The film career of Frank Sinatra spanned several decades, between the 1940s and the 1960s. Sinatra starred in movies from 1944 up until the 1980s.
==1940s==
Sinatra tried to break into Hollywood in the early 1940s, and spent much time watching directors and actors in action. He said of it: "I went around to all the different sets in the studio, and watched different people work, all the veterans. I'd stand up on a ladder way in the back and pick up pointers from these people.I still have never been to a dramatic coach, I suppose I should have. I almost regret I didn't". Sinatra made his film debut in 1941, performing in an uncredited sequence in ''Las Vegas Nights'', singing "I'll Never Smile Again" with Tommy Dorsey's The Pied Pipers. He received his first credit for singing "The Last Call for Love", "Poor You" and "Moonlight Bay" in Edward Buzzell's ''Ship Ahoy'' the following year, which starred Red Skelton and Eleanor Powell. In 1943 he had a cameo role along with the likes of Duke Ellington and Count Basie in Charles Barton's ''Reveille with Beverly'', making a brief appearance singing "Night and Day". The following year he was given his first leading role opposite Michèle Morgan and Jack Haley in 1944 in Tim Whelan's musical film ''Higher and Higher'' for RKO Pictures, playing himself.

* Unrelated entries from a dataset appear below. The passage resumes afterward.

(* Let $O$ be Haar distributed on $\mathbb O(n)$ and $T_{p,q}=\sum_{i\le p,\,j\le q}O_{ij}^2$. There is a constant $C$ such that for all $n\ge2$ and all $1\le p,q\le n$, $$|\kappa_4(T_{p,q})|\le C\,\frac{p^2q^2}{n^4},$$ where $\kappa_4$ denotes the fourth classical cumulant. *)

theory Defs
  imports "HOL-Probability.Probability"
begin

text \<open>n x n real matrices are represented as functions nat => nat => real,
  only the entries with indices < n being relevant (0-based indexing).\<close>

definition orthogonal_mat :: "nat \<Rightarrow> (nat \<Rightarrow> nat \<Rightarrow> real) \<Rightarrow> bool" where
  "orthogonal_mat n U \<longleftrightarrow>
     (\<forall>i<n. \<forall>j<n. (\<Sum>k<n. U k i * U k j) = (if i = j then 1 else 0))"

definition mat_mult :: "nat \<Rightarrow> (nat \<Rightarrow> nat \<Rightarrow> real) \<Rightarrow> (nat \<Rightarrow> nat \<Rightarrow> real) \<Rightarrow> (nat \<Rightarrow> nat \<Rightarrow> real)" where
  "mat_mult n A B = (\<lambda>i j. \<Sum>k<n. A i k * B k j)"

definition mat_entries :: "nat \<Rightarrow> (nat \<Rightarrow> nat \<Rightarrow> real) \<Rightarrow> (nat \<times> nat \<Rightarrow> real)" where
  "mat_entries n A = (\<lambda>ij\<in>{..<n} \<times> {..<n}. A (fst ij) (snd ij))"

He again worked with Whelan in another musical of that year, ''Step Lively'', co-starring George Murphy and Adolphe Menjou. Biographer Tim Knight wrote that that this was the film that Hollywood "fully unleashed 'The Voice' on the movies", giving Sinatra a role as a "sweetly naive playwright who is swept into scheming Broadway director's Gordon Miller's chaotic universe".
In 1945, Metro-Goldwyn-Mayer cast Sinatra opposite Gene Kelly and Kathryn Grayson in the Technicolor musical ''Anchors Aweigh'', in which he played a sailor on leave in Hollywood for four days. A major success, it garnered several Academy Award wins and nominations, and the song "I Fall in Love Too Easily", sung by Sinatra in the film, was nominated for the Academy Award for Best Original Song. Knight notes that while the film "drew Sinatra's young, excitable fans", it also "attracted an older audience who never would have stood in line all night just to hear him sing", making him into a "truly cross generational star". That same year, he was loaned out to RKO to star in a short film titled ''The House I Live In''. Directed by Mervyn LeRoy, this film on tolerance and racial equality earned a special Academy Award shared among Sinatra and those who brought the film to the screen, along with a special Golden Globe for "Promoting Good Will".
In 1946, Sinatra returned to MGM to make ''Till the Clouds Roll By'', a Technicolor musical biopic of Jerome Kern, directed Richard Whorf, with an ensemble cast which included Robert Walker, Judy Garland, Lena Horne, June Allyson and Van Heflin. Santopietro considered the film to be the "dodo bird of MGM musicals—it moves but never flies", but noted that Sinatra had a cameo in the climax of the film, singing "Ol' Man River". The following year, he featured in another musical directed by Whorf of MGM, ''It Happened in Brooklyn'', co-starring Peter Lawford, Kathryn Grayson and Jimmy Durante. The film contains six songs written by Sammy Cahn and Jule Styne, including "The Song's Gotta Come From the Heart", in which Sinatra performed a duet with Durante. ''Variety'' noted: "Much of the lure will result from Frank Sinatra's presence in the cast. Guy's acquired the Bing Crosby knack of nonchalance, throwing away his gag lines with fine aplomb. He kids himself in a couple of hilarious sequences and does a takeoff on Jimmy Durante, with Durante aiding him, that's sockeroo."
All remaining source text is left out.